ABOUT THIS TASK:
Using the records below, transcribe word for word the stretch from the line that contains "3 * y 0 + y 1" through the line that contains "U y 5 = - y 0", both end lines included, and nothing else.

Dataset entries
= Beginning of Section =
(* Let $\mathbf{U}$ be the $6\times 6$ matrix $$\mathbf{U}=\begin{pmatrix} 0 & -3 & 1 & -1 & -1 & -1 \\ 1 & 0 & -3 & -1 & -1 & -1 \\ -3 & 1 & 0 & -1 & -1 & -1 \\ -4 & -4 & 3 & 0 & -5 & 1 \\ -1 & -1 & -3 & 1 & 0 & -5 \\ -1 & -1 & -3 & -5 & 1 & 0 \end{pmatrix}$$ and consider the symmetric two-player game in which the row player's payoff matrix is $\mathbf{U}$ and the column player's payoff matrix is $\mathbf{U}^T$. This game has a unique Nash equilibrium (symmetric or not), namely $(\mathbf{n}_{123},\mathbf{n}_{123})$ with $\mathbf{n}_{123}=(1/3,1/3,1/3,0,0,0)$.
   Context: In the symmetric game, a mixed strategy is an element of the simplex $S_6=\{\mathbf{x}\in\mathbb{R}_+^6:\sum_i x_i=1\}$; when the row player plays $\mathbf{x}$ and the column player plays $\mathbf{y}$, the row player gets $\mathbf{x}\cdot\mathbf{U}\mathbf{y}$ and the column player gets $\mathbf{y}\cdot\mathbf{U}\mathbf{x}$. A Nash equilibrium is a pair $(\mathbf{x},\mathbf{y})$ of mixed strategies, each a best reply to the other. *)

theory Defs
  imports Complex_Main
begin

text \<open>Pure strategies are indexed 0..5 (paper's 1..6).
  Mixed strategies: vectors x :: nat \<Rightarrow> real, only entries i < 6 matter.
  Two strategies are identified when they agree on {0..<6}.\<close>

definition U :: "nat \<Rightarrow> nat \<Rightarrow> real" where
  "U i j = [[ 0, -3,  1, -1, -1, -1],
            [ 1,  0, -3, -1, -1, -1],
            [-3,  1,  0, -1, -1, -1],
            [-4, -4,  3,  0, -5,  1],
            [-1, -1, -3,  1,  0, -5],
            [-1, -1, -3, -5,  1,  0]] ! i ! j"

definition simplex6 :: "(nat \<Rightarrow> real) set" where
  "simplex6 = {x. (\<forall>i<6. 0 \<le> x i) \<and> (\<Sum>i<6. x i) = 1}"

definition bil :: "(nat \<Rightarrow> nat \<Rightarrow> real) \<Rightarrow> (nat \<Rightarrow> real) \<Rightarrow> (nat \<Rightarrow> real) \<Rightarrow> real" where
  "bil A x y = (\<Sum>i<6. \<Sum>j<6. x i * A i j * y j)"

text \<open>Row player plays x, column player plays y: row gets x\<cdot>Uy, column gets y\<cdot>Ux.\<close>
definition nash_eq :: "(nat \<Rightarrow> real) \<Rightarrow> (nat \<Rightarrow> real) \<Rightarrow> bool" where
  "nash_eq x y \<longleftrightarrow> x \<in> simplex6 \<and> y \<in> simplex6 \<and>
     (\<forall>x'\<in>simplex6. bil U x' y \<le> bil U x y) \<and>
     (\<forall>y'\<in>simplex6. bil U y' x \<le> bil U y x)"

definition n123 :: "nat \<Rightarrow> real" where
  "n123 i = (if i < 3 then 1/3 else 0)"

end

theory Submission
  imports Defs
begin

text \<open>A mixed strategy is a best reply exactly when it is supported on pure best replies, so an
  equilibrium \<open>(x, y)\<close> solves a linear complementarity system: for every \<open>i\<close>, either
  \<open>x i = 0\<close> or row \<open>i\<close> is optimal against \<open>y\<close>, and symmetrically for \<open>y\<close>. Fixing which
  alternative holds at each of the twelve indices leaves a linear feasibility problem. All of them
  are infeasible unless both players avoid the strategies 4--6, and on the remaining cyclic block
  \<open>{1, 2, 3}\<close> (win 1, lose 3) the conditions force the uniform distribution.\<close>

lemma all_less_6: "(\<forall>i<6. P i) \<longleftrightarrow> P 0 \<and> P 1 \<and> P 2 \<and> P 3 \<and> P 4 \<and> P (5::nat)"
  by (simp add: numeral_eq_Suc All_less_Suc conj_ac)

lemma sum_less_6: "(\<Sum>i<6. f i) = f 0 + f 1 + f 2 + f 3 + f 4 + f 5" for f :: "nat \<Rightarrow> real"
  by (simp add: eval_nat_numeral)

definition row_payoff :: "(nat \<Rightarrow> nat \<Rightarrow> real) \<Rightarrow> (nat \<Rightarrow> real) \<Rightarrow> nat \<Rightarrow> real" where
  "row_payoff A y i = (\<Sum>j<6. A i j * y j)"

definition pure_strategy :: "nat \<Rightarrow> nat \<Rightarrow> real" where
  "pure_strategy i k = (if k = i then 1 else 0)"

definition supported_on_best_replies ::
    "(nat \<Rightarrow> nat \<Rightarrow> real) \<Rightarrow> (nat \<Rightarrow> real) \<Rightarrow> (nat \<Rightarrow> real) \<Rightarrow> bool" where
  "supported_on_best_replies A x y \<longleftrightarrow>
     (\<forall>i<6. 0 < x i \<longrightarrow> (\<forall>j<6. row_payoff A y j \<le> row_payoff A y i))"

lemma bil_eq_sum_row_payoff: "bil A x y = (\<Sum>i<6. x i * row_payoff A y i)"
  unfolding bil_def row_payoff_def by (simp add: sum_distrib_left mult.assoc)

lemma pure_strategy_in_simplex6: "i < 6 \<Longrightarrow> pure_strategy i \<in> simplex6"
  by (simp add: simplex6_def pure_strategy_def)

lemma bil_pure_strategy: "i < 6 \<Longrightarrow> bil A (pure_strategy i) y = row_payoff A y i"
  by (simp add: bil_eq_sum_row_payoff pure_strategy_def if_distrib[of "\<lambda>c. c * _"] cong: if_cong)

lemma bil_le_Max_row_payoff:
  assumes "x \<in> simplex6"
  shows "bil A x y \<le> Max (row_payoff A y ` {..<6})"
proof -
  let ?M = "Max (row_payoff A y ` {..<6})"
  have "bil A x y \<le> (\<Sum>i<6. x i * ?M)"
    unfolding bil_eq_sum_row_payoff
    using assms by (intro sum_mono mult_left_mono) (auto simp: simplex6_def)
  also have "\<dots> = ?M"
    using assms by (simp add: simplex6_def flip: sum_distrib_right)
  finally show ?thesis .
qed

lemma best_reply_iff_supported_on_best_replies:
  assumes x: "x \<in> simplex6"
  shows "(\<forall>x'\<in>simplex6. bil A x' y \<le> bil A x y) \<longleftrightarrow> supported_on_best_replies A x y"
proof -
  define p where "p = row_payoff A y"
  define M where "M = Max (p ` {..<6})"
  have p_le_M: "p i \<le> M" if "i < 6" for i
    using that by (simp add: M_def)
  have "M \<in> p ` {..<6}"
    unfolding M_def by (rule Max_in) (auto simp: lessThan_empty_iff)
  then obtain i0 where i0: "i0 < 6" "p i0 = M"
    by auto
  have regret: "bil A x y = M - (\<Sum>i<6. x i * (M - p i))"
    using x by (simp add: bil_eq_sum_row_payoff p_def simplex6_def right_diff_distrib sum_subtractf
        flip: sum_distrib_right)
  have regret_nonneg: "0 \<le> x i * (M - p i)" if "i < 6" for i
    using x p_le_M that by (simp add: simplex6_def)
  show ?thesis
  proof
    assume "\<forall>x'\<in>simplex6. bil A x' y \<le> bil A x y"
    then have "M \<le> bil A x y"
      using pure_strategy_in_simplex6 bil_pure_strategy i0 by (metis p_def)
    moreover have "0 \<le> (\<Sum>i<6. x i * (M - p i))"
      by (rule sum_nonneg) (simp add: regret_nonneg)
    ultimately have "(\<Sum>i<6. x i * (M - p i)) = 0"
      using regret by linarith
    then have "x i * (M - p i) = 0" if "i < 6" for i
      using that regret_nonneg sum_nonneg_eq_0_iff[of "{..<6}" "\<lambda>i. x i * (M - p i)"] by simp
    then show "supported_on_best_replies A x y"
      using p_le_M by (fastforce simp: supported_on_best_replies_def p_def)
  next
    assume supported: "supported_on_best_replies A x y"
    have "x i * (M - p i) = 0" if "i < 6" for i
    proof (cases "x i = 0")
      case False
      with x that have "0 < x i"
        by (simp add: simplex6_def order_less_le)
      with supported that i0 have "M \<le> p i"
        by (auto simp: supported_on_best_replies_def p_def)
      with p_le_M[OF that] show ?thesis
        by simp
    qed simp
    then have "bil A x y = M"
      unfolding regret by (simp add: sum.neutral)
    then show "\<forall>x'\<in>simplex6. bil A x' y \<le> bil A x y"
      using bil_le_Max_row_payoff by (simp add: M_def p_def)
  qed
qed

lemma nash_eq_iff:
  "nash_eq x y \<longleftrightarrow> x \<in> simplex6 \<and> y \<in> simplex6 \<and>
     supported_on_best_replies U x y \<and> supported_on_best_replies U y x"
  unfolding nash_eq_def using best_reply_iff_supported_on_best_replies by blast

lemma nash_eq_swap: "nash_eq x y \<Longrightarrow> nash_eq y x"
  by (simp add: nash_eq_def)

lemma row_payoff_U:
  "row_payoff U y 0 = - 3 * y 1 + y 2 - y 3 - y 4 - y 5"
  "row_payoff U y 1 = y 0 - 3 * y 2 - y 3 - y 4 - y 5"
  "row_payoff U y 2 = - 3 * y 0 + y 1 - y 3 - y 4 - y 5"
  "row_payoff U y 3 = - 4 * y 0 - 4 * y 1 + 3 * y 2 - 5 * y 4 + y 5"
  "row_payoff U y 4 = - y 0 - y 1 - 3 * y 2 + y 3 - 5 * y 5"
  "row_payoff U y 5 = - y 0 - y 1 - 3 * y 2 - 5 * y 3 + y 4"
  by (simp_all add: row_payoff_def sum_less_6 U_def)

lemma row_payoff_U_n123:
  assumes "i < 6"
  shows "row_payoff U n123 i = (if i < 3 then - 2/3 else - 5/3)"
proof -
  from assms have "i = 0 \<or> i = 1 \<or> i = 2 \<or> i = 3 \<or> i = 4 \<or> i = 5"
    by auto
  then show ?thesis
    by (elim disjE) (simp_all add: row_payoff_def sum_less_6 U_def n123_def)
qed

lemma nash_eq_n123: "nash_eq n123 n123"
proof -
  have "n123 \<in> simplex6"
    by (simp add: simplex6_def sum_less_6 n123_def)
  moreover have "supported_on_best_replies U n123 n123"
    by (simp add: supported_on_best_replies_def row_payoff_U_n123 n123_def)
  ultimately show ?thesis
    by (simp add: nash_eq_iff)
qed

lemma nash_eq_supported_on_first_three:
  assumes "nash_eq x y"
  shows "x 3 = 0 \<and> x 4 = 0 \<and> x 5 = 0"
  using assms
  unfolding nash_eq_iff simplex6_def mem_Collect_eq supported_on_best_replies_def all_less_6
    sum_less_6 row_payoff_U
  by (smt (z3))

lemma nash_eq_row_strategy_eq_n123:
  assumes "nash_eq x y"
  shows "\<forall>i<6. x i = n123 i"
proof -
  have "x 3 = 0 \<and> x 4 = 0 \<and> x 5 = 0" "y 3 = 0 \<and> y 4 = 0 \<and> y 5 = 0"
    using assms nash_eq_swap nash_eq_supported_on_first_three by blast+
  with assms have "3 * x 0 = 1 \<and> 3 * x 1 = 1 \<and> 3 * x 2 = 1"
    unfolding nash_eq_iff simplex6_def mem_Collect_eq supported_on_best_replies_def all_less_6
      sum_less_6 row_payoff_U
    by (smt (z3))
  then show ?thesis
    using \<open>x 3 = 0 \<and> x 4 = 0 \<and> x 5 = 0\<close> by (simp add: all_less_6 n123_def)
qed

theorem proposition3:
  "nash_eq n123 n123 \<and>
   (\<forall>x y. nash_eq x y \<longrightarrow> (\<forall>i<6. x i = n123 i \<and> y i = n123 i))"
  using nash_eq_n123 nash_eq_row_strategy_eq_n123 nash_eq_swap by blast

end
= End of Section =
SOLUTION TO THIS EXERCISE:
  "row_payoff U y 2 = - 3 * y 0 + y 1 - y 3 - y 4 - y 5"
  "row_payoff U y 3 = - 4 * y 0 - 4 * y 1 + 3 * y 2 - 5 * y 4 + y 5"
  "row_payoff U y 4 = - y 0 - y 1 - 3 * y 2 + y 3 - 5 * y 5"
  "row_payoff U y 5 = - y 0 - y 1 - 3 * y 2 - 5 * y 3 + y 4"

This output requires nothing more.